• [EXERCISE DIRECTIONS] Lines with the string "unfolding" in the data below: report how many there are, and write nothing but the number.

• [EXTRACTED ENTRIES]

(* Suppose $\mathscr X\in\mathbb R^{I_1\times\cdots\times I_N}$ and $\pi_n$ is a permutation of $\{1,\dots,I_n\}$ for each $1\leq n\leq N$. Let $r$ be a tensor rank function. Then the tensor $\mathscr Y\in\mathbb R^{I_1\times\cdots\times I_N}$ given by $y_{i_1\cdots i_N}=x_{\pi_1(i_1)\cdots\pi_N(i_N)}$ satisfies $r(\mathscr Y)=r(\mathscr X)$.
   Context: $\mathcal T$ is the collection of all real tensors. A rank-one tensor is one of the form $x_{i_1\cdots i_N}=a^{(1)}_{i_1}\cdots a^{(N)}_{i_N}$ with all $\mathbf a^{(n)}$ nonzero vectors. $\mathscr I_{M,N}$ is the order-$N$ tensor of size $M\times\cdots\times M$ with $1$ in positions $(i,\dots,i)$ and $0$ elsewhere. The mode-$n$ product of $\mathscr X\in\mathbb R^{I_1\times\cdots\times I_N}$ with $\mathbf A\in\mathbb R^{J\times I_n}$ is $\mathscr X\times_n\mathbf A$ with entries $\sum_{i_n=1}^{I_n}x_{i_1\cdots i_N}a_{j i_n}$ at position $(i_1,\dots,i_{n-1},j,i_{n+1},\dots,i_N)$. A tensor rank function is a function $r:\mathcal T\to\mathbb N\cup\{0\}$ such that: (TR1) $r(\mathscr X)=1$ iff $\mathscr X$ is rank-one; (TR2) $r(\mathscr I_{M,N})=M$ whenever $N\ge2$; (TR3) for a matrix $\mathscr X\in\mathbb R^{I_1\times I_2}$, $r(\mathscr X)$ is its matrix rank; (TR4) if $\mathscr X\in\mathbb R^{I_1\times\cdots\times I_N}$ and $\mathscr X'$ is the corresponding tensor in $\mathbb R^{I_1\times\cdots\times I_N\times1}$, then $r(\mathscr X)=r(\mathscr X')$; (TR5) for $\pi\in S_N$, the tensor $\mathscr Y$ with $y_{i_1\cdots i_N}=x_{i_{\pi(1)}\cdots i_{\pi(N)}}$ satisfies $r(\mathscr Y)=r(\mathscr X)$; (TR6) $r(\mathscr X\times_n\mathbf A)\le r(\mathscr X)$ for all $\mathscr X\in\mathbb R^{I_1\times\cdots\times I_N}$, $n$, and $\mathbf A\in\mathbb R^{J\times I_n}$. *)

theory Defs
  imports Main "Jordan_Normal_Form.DL_Rank"
begin

text \<open>Tensors are pairs (dims, entries): dims is the list [I_1,...,I_N] (N >= 1, all I_n >= 1),
  entries maps index lists to reals. Indices are 0-based: i_n ranges over {0..<I_n}.
  Entries outside the index range are required to be 0 (canonical representation).\<close>

type_synonym tensor = "nat list \<times> (nat list \<Rightarrow> real)"

definition valid_index :: "nat list \<Rightarrow> nat list \<Rightarrow> bool" where
  "valid_index d is \<longleftrightarrow> length is = length d \<and> (\<forall>k<length d. is ! k < d ! k)"

definition is_tensor :: "tensor \<Rightarrow> bool" where
  "is_tensor X \<longleftrightarrow> fst X \<noteq> [] \<and> (\<forall>k<length (fst X). 0 < fst X ! k)
     \<and> (\<forall>is. \<not> valid_index (fst X) is \<longrightarrow> snd X is = 0)"

definition rank_one :: "tensor \<Rightarrow> bool" where
  "rank_one X \<longleftrightarrow> (\<exists>a :: nat \<Rightarrow> nat \<Rightarrow> real.
     (\<forall>n<length (fst X). \<exists>i<fst X ! n. a n i \<noteq> 0) \<and>
     (\<forall>is. valid_index (fst X) is \<longrightarrow> snd X is = (\<Prod>n<length (fst X). a n (is ! n))))"

definition diag_tensor :: "nat \<Rightarrow> nat \<Rightarrow> tensor" where
  "diag_tensor M N = (replicate N M,
     (\<lambda>is. if valid_index (replicate N M) is \<and> (\<forall>k<N. is ! k = is ! 0) then 1 else 0))"

definition matrix_rank_of :: "tensor \<Rightarrow> nat" where
  "matrix_rank_of X = vec_space.rank (fst X ! 0)
      (mat (fst X ! 0) (fst X ! 1) (\<lambda>(i, j). snd X [i, j]))"

definition add_singleton_mode :: "tensor \<Rightarrow> tensor" where
  "add_singleton_mode X = (fst X @ [1],
     (\<lambda>is. if length is = Suc (length (fst X)) \<and> last is = 0 then snd X (butlast is) else 0))"

text \<open>Mode permutation: y_{i_1..i_N} = x_{i_{pi(1)}..i_{pi(N)}} (pi a permutation of {0..<N}).
  The mode pi(k) of Y has size I_k.\<close>
definition permute_modes :: "(nat \<Rightarrow> nat) \<Rightarrow> tensor \<Rightarrow> tensor" where
  "permute_modes \<pi> X = (let N = length (fst X);
       d' = map (\<lambda>j. fst X ! (the_inv_into {..<N} \<pi> j)) [0..<N] in
     (d', (\<lambda>is. if valid_index d' is then snd X (map (\<lambda>k. is ! (\<pi> k)) [0..<N]) else 0)))"

text \<open>Mode-n product with a J x I_n matrix A (A j i = a_{j i}); n is 0-based.\<close>
definition mode_product :: "tensor \<Rightarrow> nat \<Rightarrow> nat \<Rightarrow> (nat \<Rightarrow> nat \<Rightarrow> real) \<Rightarrow> tensor" where
  "mode_product X n J A = (let d' = (fst X)[n := J] in
     (d', (\<lambda>is. if valid_index d' is
                then (\<Sum>i<fst X ! n. snd X (is[n := i]) * A (is ! n) i) else 0)))"

definition tensor_rank_function :: "(tensor \<Rightarrow> nat) \<Rightarrow> bool" where
  "tensor_rank_function r \<longleftrightarrow>
     (\<forall>X. is_tensor X \<longrightarrow> (r X = 1 \<longleftrightarrow> rank_one X)) \<and>
     (\<forall>M N. 1 \<le> M \<longrightarrow> 2 \<le> N \<longrightarrow> r (diag_tensor M N) = M) \<and>
     (\<forall>X. is_tensor X \<longrightarrow> length (fst X) = 2 \<longrightarrow> r X = matrix_rank_of X) \<and>
     (\<forall>X. is_tensor X \<longrightarrow> r (add_singleton_mode X) = r X) \<and>
     (\<forall>X \<pi>. is_tensor X \<longrightarrow> \<pi> permutes {..<length (fst X)} \<longrightarrow> r (permute_modes \<pi> X) = r X) \<and>
     (\<forall>X n J A. is_tensor X \<longrightarrow> n < length (fst X) \<longrightarrow> 1 \<le> J \<longrightarrow>
        r (mode_product X n J A) \<le> r X)"

end

theory Submission
  imports Defs
begin

text \<open>Permuting the indices of mode n is the mode-n product with a permutation matrix, so
  by (TR6) it cannot increase the rank; applying this mode by mode, then again with the inverse
  permutations, gives both inequalities.\<close>

definition reindex :: "(nat \<Rightarrow> nat \<Rightarrow> nat) \<Rightarrow> tensor \<Rightarrow> tensor" where
  "reindex f X = (fst X, (\<lambda>xs. if valid_index (fst X) xs
     then snd X (map (\<lambda>n. f n (xs ! n)) [0..<length (fst X)]) else 0))"

definition maps_indices :: "(nat \<Rightarrow> nat \<Rightarrow> nat) \<Rightarrow> nat list \<Rightarrow> bool" where
  "maps_indices f d \<longleftrightarrow> (\<forall>n<length d. \<forall>i<d ! n. f n i < d ! n)"

lemma fst_reindex [simp]: "fst (reindex f X) = fst X"
  by (simp add: reindex_def)

lemma is_tensor_reindex: "is_tensor X \<Longrightarrow> is_tensor (reindex f X)"
  unfolding is_tensor_def reindex_def by auto

lemma valid_index_map:
  assumes "maps_indices f d" and "valid_index d xs"
  shows "valid_index d (map (\<lambda>n. f n (xs ! n)) [0..<length d])"
  using assms unfolding maps_indices_def valid_index_def by auto

lemma reindex_cong:
  assumes "\<And>n i. n < length (fst X) \<Longrightarrow> i < fst X ! n \<Longrightarrow> f n i = g n i"
  shows "reindex f X = reindex g X"
proof -
  have "snd (reindex f X) xs = snd (reindex g X) xs" for xs
    using assms by (auto simp: reindex_def valid_index_def intro!: arg_cong[where f = "snd X"])
  then show ?thesis
    by (simp add: prod_eq_iff fun_eq_iff)
qed

lemma reindex_ident:
  assumes "is_tensor X"
  shows "reindex (\<lambda>_ i. i) X = X"
proof -
  have "snd (reindex (\<lambda>_ i. i) X) xs = snd X xs" for xs
    using assms map_nth[of xs] by (auto simp: reindex_def is_tensor_def valid_index_def)
  then show ?thesis
    by (simp add: prod_eq_iff fun_eq_iff)
qed

lemma reindex_reindex:
  assumes "maps_indices f (fst X)"
  shows "reindex f (reindex g X) = reindex (\<lambda>n. g n \<circ> f n) X"
proof -
  have "snd (reindex f (reindex g X)) xs = snd (reindex (\<lambda>n. g n \<circ> f n) X) xs" for xs
    using valid_index_map[OF assms, of xs]
    by (auto simp: reindex_def intro!: arg_cong[where f = "snd X"])
  then show ?thesis
    by (simp add: prod_eq_iff fun_eq_iff)
qed

lemma mode_product_selection:
  assumes "n < length (fst X)" and "\<And>i. i < fst X ! n \<Longrightarrow> p i < fst X ! n"
  shows "mode_product X n (fst X ! n) (\<lambda>j i. if i = p j then 1 else 0)
         = reindex (\<lambda>k. if k = n then p else id) X"
proof -
  have "snd (mode_product X n (fst X ! n) (\<lambda>j i. if i = p j then 1 else 0)) xs
        = snd (reindex (\<lambda>k. if k = n then p else id) X) xs" if "valid_index (fst X) xs" for xs
  proof -
    have len: "length xs = length (fst X)" and "xs ! n < fst X ! n"
      using that assms(1) by (auto simp: valid_index_def)
    then have "p (xs ! n) < fst X ! n"
      using assms(2) by blast
    moreover have "map (\<lambda>k. (if k = n then p else id) (xs ! k)) [0..<length (fst X)]
        = xs[n := p (xs ! n)]"
      using len by (intro nth_equalityI) (auto simp: nth_list_update)
    ultimately show ?thesis
      using that by (simp add: mode_product_def reindex_def Let_def if_distrib cong: if_cong)
  qed
  then show ?thesis
    by (auto simp: prod_eq_iff fun_eq_iff mode_product_def reindex_def Let_def)
qed

lemma rank_reindex_mode_le:
  assumes r: "tensor_rank_function r" and X: "is_tensor X" and n: "n < length (fst X)"
    and p: "\<And>i. i < fst X ! n \<Longrightarrow> p i < fst X ! n"
  shows "r (reindex (\<lambda>k. if k = n then p else id) X) \<le> r X"
proof -
  have "1 \<le> fst X ! n"
    using X n by (simp add: is_tensor_def Suc_le_eq)
  then have "r (mode_product X n (fst X ! n) (\<lambda>j i. if i = p j then 1 else 0)) \<le> r X"
    using r X n unfolding tensor_rank_function_def by blast
  then show ?thesis
    using mode_product_selection[OF n p] by simp
qed

lemma rank_reindex_le:
  assumes r: "tensor_rank_function r" and X: "is_tensor X" and f: "maps_indices f (fst X)"
  shows "r (reindex f X) \<le> r X"
proof -
  define prefix where "prefix m = (\<lambda>k. if k < m then f k else id)" for m
  have "r (reindex (prefix m) X) \<le> r X" if "m \<le> length (fst X)" for m
    using that
  proof (induction m)
    case 0
    then show ?case
      using reindex_ident[OF X] by (simp add: prefix_def id_def)
  next
    case (Suc m)
    have m: "m < length (fst X)"
      using Suc.prems by simp
    have "reindex (prefix (Suc m)) X
        = reindex (\<lambda>k. if k = m then f m else id) (reindex (prefix m) X)"
      using f m by (subst reindex_reindex) (auto simp: maps_indices_def prefix_def intro!: reindex_cong)
    also have "r \<dots> \<le> r (reindex (prefix m) X)"
      using f m by (intro rank_reindex_mode_le r is_tensor_reindex X) (auto simp: maps_indices_def)
    also have "\<dots> \<le> r X"
      using Suc by simp
    finally show ?case .
  qed
  moreover have "reindex (prefix (length (fst X))) X = reindex f X"
    by (rule reindex_cong) (simp add: prefix_def)
  ultimately show ?thesis
    by (metis order_refl)
qed

theorem proposition4p4:
  fixes r :: "tensor \<Rightarrow> nat" and X :: tensor and \<sigma> :: "nat \<Rightarrow> nat \<Rightarrow> nat"
  assumes "tensor_rank_function r"
    and "is_tensor X"
    and "\<forall>n<length (fst X). \<sigma> n permutes {..<fst X ! n}"
  shows "r (fst X, (\<lambda>is. if valid_index (fst X) is
                          then snd X (map (\<lambda>n. \<sigma> n (is ! n)) [0..<length (fst X)]) else 0))
         = r X"
proof -
  have \<sigma>_maps: "maps_indices \<sigma> (fst X)"
    and inv_maps: "maps_indices (\<lambda>n. inv_into UNIV (\<sigma> n)) (fst X)"
    using assms(3) permutes_inv by (fastforce simp: maps_indices_def dest: permutes_in_image)+
  have "reindex (\<lambda>n. inv_into UNIV (\<sigma> n)) (reindex \<sigma> X)
      = reindex (\<lambda>n. \<sigma> n \<circ> inv_into UNIV (\<sigma> n)) X"
    by (rule reindex_reindex[OF inv_maps])
  also have "\<dots> = reindex (\<lambda>_ i. i) X"
    using assms(3) by (intro reindex_cong) (auto intro: permutes_inverses(1))
  also have "\<dots> = X"
    by (rule reindex_ident[OF assms(2)])
  finally have X_back: "reindex (\<lambda>n. inv_into UNIV (\<sigma> n)) (reindex \<sigma> X) = X" .
  have "r (reindex (\<lambda>n. inv_into UNIV (\<sigma> n)) (reindex \<sigma> X)) \<le> r (reindex \<sigma> X)"
    using inv_maps by (intro rank_reindex_le assms(1) is_tensor_reindex assms(2)) simp
  then have "r X \<le> r (reindex \<sigma> X)"
    by (simp only: X_back)
  moreover have "r (reindex \<sigma> X) \<le> r X"
    by (rule rank_reindex_le[OF assms(1,2) \<sigma>_maps])
  ultimately show ?thesis
    by (simp add: reindex_def)
qed

end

• [EXERCISE OUTPUT] 3